The 2016 referendum didn’t even get the greatest turnout per head of population either. Every UK election between 1950 and 1992 except the 1970 election drew a greater turnout of voters proportionately.

So another Brexit lie bites the dust. Yet this constantly repeated article of faith is bandied around as gospel in the media, TV and even in parliament without challenge. When May stated it in parliament on November 15 and the government stated it in their white paper in July 2018 they must have known it was a lie. Yet no one challenged this lie in parliament.
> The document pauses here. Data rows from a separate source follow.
(* Let $(M,A)$ be a $d$-dimensional BUT-manifold. Let $\{B_i,B_{-i}\}$, $i=1,\ldots,d+1$, be a family of closed subsets of $M$ with $B_{-i}=A(B_i)$ and $B_i\cap B_{-i}=\emptyset$ for all $i$. If this family covers $M$, then for every set of indices $\{k_1,\ldots,k_{d+1}\}\subset\{\pm1,\pm2,\ldots,\pm(d+1)\}$ with $|k_i|=i$ for all $i$, the intersection $\bigcap_{i=1}^{d+1}B_{k_i}$ is nonempty.
   Context: A BUT (Borsuk–Ulam type) manifold is a pair $(M,A)$ where $M$ is a connected compact piecewise-linear $d$-dimensional manifold without boundary and $A:M\to M$ is a free simplicial involution ($A(A(x))=x$, $A(x)\neq x$), such that for every continuous $g:M\to\mathbb{R}^d$ there is $x\in M$ with $g(A(x))=g(x)$. *)

theory Defs
  imports "HOL-Analysis.Analysis"
begin

text \<open>A compact polyhedron is represented as a subset M of a Euclidean space 'a
  (every compact polyhedron embeds in some R^N), triangulated by a finite
  triangulation in the sense of HOL-Analysis.\<close>

definition locally_euclidean :: "nat \<Rightarrow> 'a::euclidean_space set \<Rightarrow> bool" where
  "locally_euclidean d M \<longleftrightarrow>
     (\<forall>x\<in>M. \<exists>U. openin (top_of_set M) U \<and> x \<in> U \<and>
        subtopology (top_of_set M) U homeomorphic_space Euclidean_space d)"

definition simplicial_self_map :: "'a::euclidean_space set set \<Rightarrow> ('a \<Rightarrow> 'a) \<Rightarrow> bool" where
  "simplicial_self_map \<T> A \<longleftrightarrow>
     (\<forall>T\<in>\<T>. A ` T \<in> \<T> \<and>
        (\<forall>x\<in>T. \<forall>y\<in>T. \<forall>u::real. 0 \<le> u \<and> u \<le> 1 \<longrightarrow>
            A ((1 - u) *\<^sub>R x + u *\<^sub>R y) = (1 - u) *\<^sub>R A x + u *\<^sub>R A y))"

definition free_involution :: "'a set \<Rightarrow> ('a \<Rightarrow> 'a) \<Rightarrow> bool" where
  "free_involution M A \<longleftrightarrow> (\<forall>x\<in>M. A x \<in> M \<and> A (A x) = x \<and> A x \<noteq> x)"

definition BU_property :: "nat \<Rightarrow> 'a::topological_space set \<Rightarrow> ('a \<Rightarrow> 'a) \<Rightarrow> bool" where
  "BU_property d M A \<longleftrightarrow>
     (\<forall>g :: nat \<Rightarrow> 'a \<Rightarrow> real. (\<forall>i<d. continuous_on M (g i)) \<longrightarrow>
        (\<exists>x\<in>M. \<forall>i<d. g i (A x) = g i x))"

definition BUT_manifold :: "nat \<Rightarrow> 'a::euclidean_space set \<Rightarrow> ('a \<Rightarrow> 'a) \<Rightarrow> bool" where
  "BUT_manifold d M A \<longleftrightarrow>
     connected M \<and> compact M \<and> locally_euclidean d M \<and>
     (\<exists>\<T>. triangulation \<T> \<and> \<Union>\<T> = M \<and> simplicial_self_map \<T> A) \<and>
     free_involution M A \<and> BU_property d M A"

end

theory Submission
  imports Defs
begin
They do say if you’re going to tell a lie and be believed, make it a big one. Take the lie on the side of the big red bus; a recent survey revealed 42 per cent of those questioned still believe it, even after three years of debunking! Seventy million Turks on the way to Britain through EU free movement? Turkey applied to join the EU 30 years ago. Its standards of democracy and social progress are still decades away from qualifying for EU membership standards. Yet that scare story was believed. What’s the point of telling the truth when the lie is so much more fashionable?

Steve Rouse, Wroughton

Support for car ban

I read your report that Wiltshire Council will ban cars on the Ridgeway between Overton and Hackpen Hills during the coming summer.

Having taken advantage of the glorious weather in late March I can vouch for the fact that a lengthy section of the Ridgeway in this area is extremely difficult to negotiate on foot. The rutting is very deep and one is constantly having to hop from one side to another to make progress.

It is my contention that all powered vehicles should be permanently banned from the Ridgeway. The only exceptions would be disabled and farm vehicles - the latter should be required to obtain a licence from the local authority charged at a rate commensurate with the cost of upkeep incurred by the local council.

Only by banning powered vehicles (cars and motorbikes) will we be able to protect this key part of our national heritage.